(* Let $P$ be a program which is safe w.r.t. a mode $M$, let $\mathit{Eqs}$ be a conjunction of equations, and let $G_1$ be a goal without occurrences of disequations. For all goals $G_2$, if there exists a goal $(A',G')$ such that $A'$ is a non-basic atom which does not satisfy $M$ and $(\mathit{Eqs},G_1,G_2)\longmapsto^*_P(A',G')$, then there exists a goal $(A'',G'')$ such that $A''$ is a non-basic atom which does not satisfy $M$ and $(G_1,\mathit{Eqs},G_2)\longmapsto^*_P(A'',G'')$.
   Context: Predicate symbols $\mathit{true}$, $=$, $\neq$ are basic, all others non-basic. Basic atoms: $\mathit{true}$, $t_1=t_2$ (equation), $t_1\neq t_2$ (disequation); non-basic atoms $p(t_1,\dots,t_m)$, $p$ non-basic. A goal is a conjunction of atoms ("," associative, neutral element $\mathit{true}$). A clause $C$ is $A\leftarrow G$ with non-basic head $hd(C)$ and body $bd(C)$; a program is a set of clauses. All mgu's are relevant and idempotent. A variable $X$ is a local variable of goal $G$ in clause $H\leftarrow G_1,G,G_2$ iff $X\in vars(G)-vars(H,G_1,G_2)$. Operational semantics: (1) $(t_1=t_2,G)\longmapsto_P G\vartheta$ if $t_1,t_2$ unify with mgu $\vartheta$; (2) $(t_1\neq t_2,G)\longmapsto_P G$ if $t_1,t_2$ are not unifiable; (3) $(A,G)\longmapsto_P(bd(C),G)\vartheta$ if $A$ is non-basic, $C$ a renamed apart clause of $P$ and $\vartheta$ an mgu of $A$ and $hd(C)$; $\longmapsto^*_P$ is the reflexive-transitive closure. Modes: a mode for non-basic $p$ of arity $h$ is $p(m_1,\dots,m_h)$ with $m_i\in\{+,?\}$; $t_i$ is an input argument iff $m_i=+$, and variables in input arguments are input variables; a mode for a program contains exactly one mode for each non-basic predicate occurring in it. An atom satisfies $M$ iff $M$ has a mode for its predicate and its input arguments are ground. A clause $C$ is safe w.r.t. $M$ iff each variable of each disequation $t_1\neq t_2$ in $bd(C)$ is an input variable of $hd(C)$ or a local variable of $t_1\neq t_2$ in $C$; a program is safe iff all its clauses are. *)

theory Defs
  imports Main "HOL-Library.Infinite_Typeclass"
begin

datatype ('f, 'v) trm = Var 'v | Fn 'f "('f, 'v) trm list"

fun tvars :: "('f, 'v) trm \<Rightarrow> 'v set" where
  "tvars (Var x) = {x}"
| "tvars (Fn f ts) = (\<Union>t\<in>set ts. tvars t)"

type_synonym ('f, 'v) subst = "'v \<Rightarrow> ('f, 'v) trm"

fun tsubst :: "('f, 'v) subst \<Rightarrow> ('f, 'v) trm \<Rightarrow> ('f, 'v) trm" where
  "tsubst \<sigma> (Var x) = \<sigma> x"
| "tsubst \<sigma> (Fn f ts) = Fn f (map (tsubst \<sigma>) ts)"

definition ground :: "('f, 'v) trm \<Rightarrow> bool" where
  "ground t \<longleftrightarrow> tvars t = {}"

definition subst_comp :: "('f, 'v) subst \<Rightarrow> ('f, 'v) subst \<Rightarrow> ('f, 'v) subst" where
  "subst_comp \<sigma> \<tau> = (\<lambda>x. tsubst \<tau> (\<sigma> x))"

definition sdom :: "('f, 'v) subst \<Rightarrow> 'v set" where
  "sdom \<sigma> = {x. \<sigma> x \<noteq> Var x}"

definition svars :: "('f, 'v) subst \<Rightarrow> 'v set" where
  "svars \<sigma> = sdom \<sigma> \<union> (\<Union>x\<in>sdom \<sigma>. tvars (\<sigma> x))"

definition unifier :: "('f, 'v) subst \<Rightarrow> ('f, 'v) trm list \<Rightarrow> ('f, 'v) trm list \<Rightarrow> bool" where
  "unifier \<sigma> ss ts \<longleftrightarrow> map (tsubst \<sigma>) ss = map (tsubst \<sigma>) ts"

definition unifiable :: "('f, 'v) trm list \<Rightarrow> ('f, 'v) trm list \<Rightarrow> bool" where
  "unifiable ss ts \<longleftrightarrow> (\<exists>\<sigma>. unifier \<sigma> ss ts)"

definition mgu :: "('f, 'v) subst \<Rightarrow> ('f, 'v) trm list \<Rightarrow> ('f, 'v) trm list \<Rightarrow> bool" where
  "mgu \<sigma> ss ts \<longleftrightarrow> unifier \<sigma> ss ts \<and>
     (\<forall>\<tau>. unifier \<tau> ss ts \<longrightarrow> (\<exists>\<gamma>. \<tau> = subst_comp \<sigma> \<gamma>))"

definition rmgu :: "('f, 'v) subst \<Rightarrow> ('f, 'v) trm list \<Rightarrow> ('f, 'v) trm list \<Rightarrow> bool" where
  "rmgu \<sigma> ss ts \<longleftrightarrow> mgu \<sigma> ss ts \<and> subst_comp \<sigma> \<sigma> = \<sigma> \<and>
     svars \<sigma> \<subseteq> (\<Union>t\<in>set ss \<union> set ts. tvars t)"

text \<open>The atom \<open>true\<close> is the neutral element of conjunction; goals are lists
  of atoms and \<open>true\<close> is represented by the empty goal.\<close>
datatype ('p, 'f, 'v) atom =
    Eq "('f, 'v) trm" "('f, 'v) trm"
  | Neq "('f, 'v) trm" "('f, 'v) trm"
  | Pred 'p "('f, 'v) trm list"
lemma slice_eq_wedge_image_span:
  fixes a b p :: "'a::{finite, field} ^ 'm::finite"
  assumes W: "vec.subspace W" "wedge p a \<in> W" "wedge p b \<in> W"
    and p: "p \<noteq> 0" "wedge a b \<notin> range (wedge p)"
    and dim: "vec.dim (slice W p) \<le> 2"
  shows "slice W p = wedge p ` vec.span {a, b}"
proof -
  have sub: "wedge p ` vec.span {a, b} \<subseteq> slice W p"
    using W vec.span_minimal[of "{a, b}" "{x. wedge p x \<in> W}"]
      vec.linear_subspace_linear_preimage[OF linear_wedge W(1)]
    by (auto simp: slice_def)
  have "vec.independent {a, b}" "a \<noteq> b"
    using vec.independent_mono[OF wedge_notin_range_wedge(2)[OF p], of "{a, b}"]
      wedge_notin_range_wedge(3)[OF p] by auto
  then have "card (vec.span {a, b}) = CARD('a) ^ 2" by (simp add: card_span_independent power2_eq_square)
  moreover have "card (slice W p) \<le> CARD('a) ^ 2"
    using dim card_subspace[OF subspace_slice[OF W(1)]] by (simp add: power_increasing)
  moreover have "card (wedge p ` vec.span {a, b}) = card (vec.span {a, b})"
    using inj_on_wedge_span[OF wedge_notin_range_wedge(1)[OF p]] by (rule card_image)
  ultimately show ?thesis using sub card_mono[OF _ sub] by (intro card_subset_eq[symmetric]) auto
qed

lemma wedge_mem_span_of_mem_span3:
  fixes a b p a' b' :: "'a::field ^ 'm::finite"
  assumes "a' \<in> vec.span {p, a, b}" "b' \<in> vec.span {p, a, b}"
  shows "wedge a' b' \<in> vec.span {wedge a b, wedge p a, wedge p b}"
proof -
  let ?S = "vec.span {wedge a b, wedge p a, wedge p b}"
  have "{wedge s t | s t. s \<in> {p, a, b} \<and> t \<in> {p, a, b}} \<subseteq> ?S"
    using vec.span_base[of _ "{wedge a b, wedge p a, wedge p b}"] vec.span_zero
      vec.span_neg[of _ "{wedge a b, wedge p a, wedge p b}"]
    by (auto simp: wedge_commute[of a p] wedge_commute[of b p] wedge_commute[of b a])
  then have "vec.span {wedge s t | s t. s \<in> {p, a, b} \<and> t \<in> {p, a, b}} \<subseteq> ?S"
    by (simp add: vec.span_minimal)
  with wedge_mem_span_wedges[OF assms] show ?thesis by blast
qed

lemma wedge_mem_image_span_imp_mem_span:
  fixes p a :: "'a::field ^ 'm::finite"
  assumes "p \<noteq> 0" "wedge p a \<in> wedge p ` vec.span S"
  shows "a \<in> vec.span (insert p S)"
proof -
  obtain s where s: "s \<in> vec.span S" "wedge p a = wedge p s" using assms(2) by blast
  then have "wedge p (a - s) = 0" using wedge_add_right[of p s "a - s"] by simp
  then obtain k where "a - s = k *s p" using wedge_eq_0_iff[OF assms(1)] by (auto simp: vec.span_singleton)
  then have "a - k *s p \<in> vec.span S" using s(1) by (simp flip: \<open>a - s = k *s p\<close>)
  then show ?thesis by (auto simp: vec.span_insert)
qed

● ● ● ● ●

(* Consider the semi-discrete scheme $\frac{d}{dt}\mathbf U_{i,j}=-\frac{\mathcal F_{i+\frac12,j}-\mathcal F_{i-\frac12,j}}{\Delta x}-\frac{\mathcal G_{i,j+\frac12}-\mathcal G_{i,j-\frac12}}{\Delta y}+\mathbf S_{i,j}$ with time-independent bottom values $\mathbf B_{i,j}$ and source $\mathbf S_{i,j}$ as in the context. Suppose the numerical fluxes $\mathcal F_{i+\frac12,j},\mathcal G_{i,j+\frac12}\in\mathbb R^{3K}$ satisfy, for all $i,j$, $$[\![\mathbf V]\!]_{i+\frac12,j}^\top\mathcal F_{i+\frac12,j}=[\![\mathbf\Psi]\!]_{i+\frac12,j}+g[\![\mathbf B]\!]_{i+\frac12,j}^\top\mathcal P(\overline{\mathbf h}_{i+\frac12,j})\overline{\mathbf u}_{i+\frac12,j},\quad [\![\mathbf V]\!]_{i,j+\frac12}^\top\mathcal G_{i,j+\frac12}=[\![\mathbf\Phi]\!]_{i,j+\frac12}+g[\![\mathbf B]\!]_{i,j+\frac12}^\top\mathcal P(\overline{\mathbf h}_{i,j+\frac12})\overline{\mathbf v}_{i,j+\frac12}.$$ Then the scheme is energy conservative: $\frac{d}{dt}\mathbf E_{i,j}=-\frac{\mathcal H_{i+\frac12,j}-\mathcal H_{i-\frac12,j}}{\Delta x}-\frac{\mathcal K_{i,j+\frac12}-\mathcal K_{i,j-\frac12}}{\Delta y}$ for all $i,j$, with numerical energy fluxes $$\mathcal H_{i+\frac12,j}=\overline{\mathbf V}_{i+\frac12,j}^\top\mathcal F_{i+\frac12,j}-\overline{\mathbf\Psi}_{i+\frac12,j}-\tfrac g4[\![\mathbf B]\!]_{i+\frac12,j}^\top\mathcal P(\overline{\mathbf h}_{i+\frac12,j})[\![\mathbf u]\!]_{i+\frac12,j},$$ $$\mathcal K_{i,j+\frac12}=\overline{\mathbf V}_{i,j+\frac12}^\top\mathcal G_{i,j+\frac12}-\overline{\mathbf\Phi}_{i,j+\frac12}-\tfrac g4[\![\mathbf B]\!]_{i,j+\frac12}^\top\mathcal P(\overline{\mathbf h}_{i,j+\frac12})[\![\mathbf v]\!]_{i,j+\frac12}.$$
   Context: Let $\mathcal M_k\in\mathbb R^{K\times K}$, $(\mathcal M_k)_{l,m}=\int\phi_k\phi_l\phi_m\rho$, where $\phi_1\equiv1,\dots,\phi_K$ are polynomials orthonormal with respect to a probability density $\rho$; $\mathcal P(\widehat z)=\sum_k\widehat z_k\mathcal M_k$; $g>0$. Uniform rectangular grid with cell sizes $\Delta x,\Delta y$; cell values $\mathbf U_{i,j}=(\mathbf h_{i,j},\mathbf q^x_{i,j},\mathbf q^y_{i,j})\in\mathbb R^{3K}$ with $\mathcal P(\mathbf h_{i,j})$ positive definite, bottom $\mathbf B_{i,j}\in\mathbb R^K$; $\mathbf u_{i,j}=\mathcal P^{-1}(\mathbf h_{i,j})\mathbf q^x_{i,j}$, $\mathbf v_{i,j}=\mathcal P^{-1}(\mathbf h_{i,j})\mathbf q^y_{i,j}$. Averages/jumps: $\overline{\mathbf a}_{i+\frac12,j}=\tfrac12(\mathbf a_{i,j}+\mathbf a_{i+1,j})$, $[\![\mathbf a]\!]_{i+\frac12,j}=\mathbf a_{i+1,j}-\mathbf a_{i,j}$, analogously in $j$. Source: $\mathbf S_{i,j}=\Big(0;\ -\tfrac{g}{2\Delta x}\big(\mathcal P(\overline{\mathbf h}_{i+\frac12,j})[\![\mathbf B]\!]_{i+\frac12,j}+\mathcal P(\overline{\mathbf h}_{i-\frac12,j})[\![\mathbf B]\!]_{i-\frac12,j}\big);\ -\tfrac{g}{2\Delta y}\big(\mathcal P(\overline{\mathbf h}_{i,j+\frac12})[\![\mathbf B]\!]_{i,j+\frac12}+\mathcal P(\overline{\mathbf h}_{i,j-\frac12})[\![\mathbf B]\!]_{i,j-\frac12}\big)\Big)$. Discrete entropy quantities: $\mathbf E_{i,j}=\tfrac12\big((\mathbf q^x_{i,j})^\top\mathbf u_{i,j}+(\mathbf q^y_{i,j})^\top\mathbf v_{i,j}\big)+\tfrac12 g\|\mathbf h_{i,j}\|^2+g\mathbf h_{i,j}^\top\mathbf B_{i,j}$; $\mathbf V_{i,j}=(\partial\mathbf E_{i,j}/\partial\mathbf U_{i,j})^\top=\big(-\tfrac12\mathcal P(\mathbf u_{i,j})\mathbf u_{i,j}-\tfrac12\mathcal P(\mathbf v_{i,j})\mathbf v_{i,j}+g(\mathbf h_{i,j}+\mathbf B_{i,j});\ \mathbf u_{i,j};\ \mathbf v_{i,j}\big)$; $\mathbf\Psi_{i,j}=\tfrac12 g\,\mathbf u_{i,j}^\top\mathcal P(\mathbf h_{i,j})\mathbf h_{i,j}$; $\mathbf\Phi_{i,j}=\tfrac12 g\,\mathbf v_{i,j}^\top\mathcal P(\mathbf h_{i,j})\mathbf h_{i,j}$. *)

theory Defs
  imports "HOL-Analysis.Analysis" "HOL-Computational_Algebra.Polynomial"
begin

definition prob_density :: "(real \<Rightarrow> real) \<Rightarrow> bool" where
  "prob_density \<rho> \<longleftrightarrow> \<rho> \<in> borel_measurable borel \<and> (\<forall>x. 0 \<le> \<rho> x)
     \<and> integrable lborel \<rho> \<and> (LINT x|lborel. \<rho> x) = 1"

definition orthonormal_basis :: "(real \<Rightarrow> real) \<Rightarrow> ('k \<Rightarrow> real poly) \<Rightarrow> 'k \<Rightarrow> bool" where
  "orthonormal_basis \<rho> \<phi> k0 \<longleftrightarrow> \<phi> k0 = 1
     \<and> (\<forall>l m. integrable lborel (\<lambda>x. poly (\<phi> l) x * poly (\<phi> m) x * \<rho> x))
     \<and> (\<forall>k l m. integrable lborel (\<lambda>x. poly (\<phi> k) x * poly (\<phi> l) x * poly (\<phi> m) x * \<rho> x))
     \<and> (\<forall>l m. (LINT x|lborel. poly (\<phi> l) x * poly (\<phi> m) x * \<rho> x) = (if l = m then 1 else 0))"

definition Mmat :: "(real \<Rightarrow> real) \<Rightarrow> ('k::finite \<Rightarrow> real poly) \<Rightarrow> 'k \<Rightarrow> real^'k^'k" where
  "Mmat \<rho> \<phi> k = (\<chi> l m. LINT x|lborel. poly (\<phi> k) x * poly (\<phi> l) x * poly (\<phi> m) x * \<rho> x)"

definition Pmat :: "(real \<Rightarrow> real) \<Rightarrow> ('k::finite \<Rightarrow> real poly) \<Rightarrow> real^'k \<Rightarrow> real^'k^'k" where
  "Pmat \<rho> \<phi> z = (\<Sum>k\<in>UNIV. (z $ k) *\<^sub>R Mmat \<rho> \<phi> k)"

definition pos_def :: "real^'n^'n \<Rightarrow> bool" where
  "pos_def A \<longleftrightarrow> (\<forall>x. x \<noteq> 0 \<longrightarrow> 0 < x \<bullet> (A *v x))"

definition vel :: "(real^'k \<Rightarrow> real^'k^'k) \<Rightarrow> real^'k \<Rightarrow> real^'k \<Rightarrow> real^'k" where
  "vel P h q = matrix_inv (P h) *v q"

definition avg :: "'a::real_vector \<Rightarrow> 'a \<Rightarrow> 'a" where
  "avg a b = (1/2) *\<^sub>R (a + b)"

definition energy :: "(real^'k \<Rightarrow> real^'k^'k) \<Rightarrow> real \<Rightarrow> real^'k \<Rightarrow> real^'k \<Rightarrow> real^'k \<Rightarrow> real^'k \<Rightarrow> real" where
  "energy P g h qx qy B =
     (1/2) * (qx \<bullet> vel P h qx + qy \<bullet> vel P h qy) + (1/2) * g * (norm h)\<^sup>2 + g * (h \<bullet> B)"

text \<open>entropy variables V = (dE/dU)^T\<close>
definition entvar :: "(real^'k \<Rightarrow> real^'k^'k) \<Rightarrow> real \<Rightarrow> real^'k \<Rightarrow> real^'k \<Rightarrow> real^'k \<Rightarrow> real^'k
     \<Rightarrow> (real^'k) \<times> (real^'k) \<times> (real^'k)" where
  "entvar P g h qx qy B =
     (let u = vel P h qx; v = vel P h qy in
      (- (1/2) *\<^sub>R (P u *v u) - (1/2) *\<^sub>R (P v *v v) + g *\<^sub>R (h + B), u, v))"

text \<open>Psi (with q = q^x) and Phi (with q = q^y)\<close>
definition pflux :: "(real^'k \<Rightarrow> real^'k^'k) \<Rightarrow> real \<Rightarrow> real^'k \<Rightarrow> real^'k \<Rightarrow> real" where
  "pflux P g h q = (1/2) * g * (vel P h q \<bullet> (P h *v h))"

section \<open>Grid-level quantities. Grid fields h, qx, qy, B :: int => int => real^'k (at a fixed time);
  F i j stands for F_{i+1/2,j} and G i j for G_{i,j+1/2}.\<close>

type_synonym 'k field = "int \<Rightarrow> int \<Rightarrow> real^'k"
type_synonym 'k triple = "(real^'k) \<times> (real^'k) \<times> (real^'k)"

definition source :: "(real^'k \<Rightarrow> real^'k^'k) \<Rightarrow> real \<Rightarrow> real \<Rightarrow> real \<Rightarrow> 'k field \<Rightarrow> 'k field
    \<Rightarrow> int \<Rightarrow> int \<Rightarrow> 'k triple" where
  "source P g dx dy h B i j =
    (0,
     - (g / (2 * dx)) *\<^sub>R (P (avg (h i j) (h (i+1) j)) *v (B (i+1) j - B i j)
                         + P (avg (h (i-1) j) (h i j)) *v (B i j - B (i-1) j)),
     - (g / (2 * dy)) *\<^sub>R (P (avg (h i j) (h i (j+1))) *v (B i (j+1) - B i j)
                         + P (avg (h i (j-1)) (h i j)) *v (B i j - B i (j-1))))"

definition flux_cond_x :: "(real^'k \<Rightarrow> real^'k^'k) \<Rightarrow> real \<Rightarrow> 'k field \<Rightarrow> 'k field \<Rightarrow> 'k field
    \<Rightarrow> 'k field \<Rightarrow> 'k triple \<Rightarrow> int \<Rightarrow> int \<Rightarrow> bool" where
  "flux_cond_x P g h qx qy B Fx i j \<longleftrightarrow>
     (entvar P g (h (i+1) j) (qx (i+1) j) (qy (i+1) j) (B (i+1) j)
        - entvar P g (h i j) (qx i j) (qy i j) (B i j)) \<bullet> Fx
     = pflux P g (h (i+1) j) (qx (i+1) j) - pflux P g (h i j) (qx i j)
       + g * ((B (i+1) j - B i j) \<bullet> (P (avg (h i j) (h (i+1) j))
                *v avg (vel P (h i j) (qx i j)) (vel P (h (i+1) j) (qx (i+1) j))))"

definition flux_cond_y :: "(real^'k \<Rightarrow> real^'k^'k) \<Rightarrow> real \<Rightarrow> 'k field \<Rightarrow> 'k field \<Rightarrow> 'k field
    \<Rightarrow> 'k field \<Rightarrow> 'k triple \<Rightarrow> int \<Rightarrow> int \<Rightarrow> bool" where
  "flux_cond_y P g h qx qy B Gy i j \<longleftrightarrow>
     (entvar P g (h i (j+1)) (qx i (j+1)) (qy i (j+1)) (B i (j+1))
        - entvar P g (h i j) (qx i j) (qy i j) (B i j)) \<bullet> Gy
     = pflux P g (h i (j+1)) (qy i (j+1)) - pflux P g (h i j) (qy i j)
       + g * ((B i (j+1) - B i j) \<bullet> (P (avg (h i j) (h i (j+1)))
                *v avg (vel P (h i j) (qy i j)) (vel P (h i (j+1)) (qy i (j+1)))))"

● ● ● ● ●

=== TRY IT ===
Every line from the line containing "F i j stands" through the line containing "g * ((B (i+1) j" in the records above must be retyped exactly. Leave out the rest.

=== RESPONSE TO THE EXERCISE ===
  F i j stands for F_{i+1/2,j} and G i j for G_{i,j+1/2}.\<close>

type_synonym 'k field = "int \<Rightarrow> int \<Rightarrow> real^'k"
type_synonym 'k triple = "(real^'k) \<times> (real^'k) \<times> (real^'k)"

definition source :: "(real^'k \<Rightarrow> real^'k^'k) \<Rightarrow> real \<Rightarrow> real \<Rightarrow> real \<Rightarrow> 'k field \<Rightarrow> 'k field
    \<Rightarrow> int \<Rightarrow> int \<Rightarrow> 'k triple" where
  "source P g dx dy h B i j =
    (0,
     - (g / (2 * dx)) *\<^sub>R (P (avg (h i j) (h (i+1) j)) *v (B (i+1) j - B i j)
                         + P (avg (h (i-1) j) (h i j)) *v (B i j - B (i-1) j)),
     - (g / (2 * dy)) *\<^sub>R (P (avg (h i j) (h i (j+1))) *v (B i (j+1) - B i j)
                         + P (avg (h i (j-1)) (h i j)) *v (B i j - B i (j-1))))"

definition flux_cond_x :: "(real^'k \<Rightarrow> real^'k^'k) \<Rightarrow> real \<Rightarrow> 'k field \<Rightarrow> 'k field \<Rightarrow> 'k field
    \<Rightarrow> 'k field \<Rightarrow> 'k triple \<Rightarrow> int \<Rightarrow> int \<Rightarrow> bool" where
  "flux_cond_x P g h qx qy B Fx i j \<longleftrightarrow>
     (entvar P g (h (i+1) j) (qx (i+1) j) (qy (i+1) j) (B (i+1) j)
        - entvar P g (h i j) (qx i j) (qy i j) (B i j)) \<bullet> Fx
     = pflux P g (h (i+1) j) (qx (i+1) j) - pflux P g (h i j) (qx i j)
       + g * ((B (i+1) j - B i j) \<bullet> (P (avg (h i j) (h (i+1) j))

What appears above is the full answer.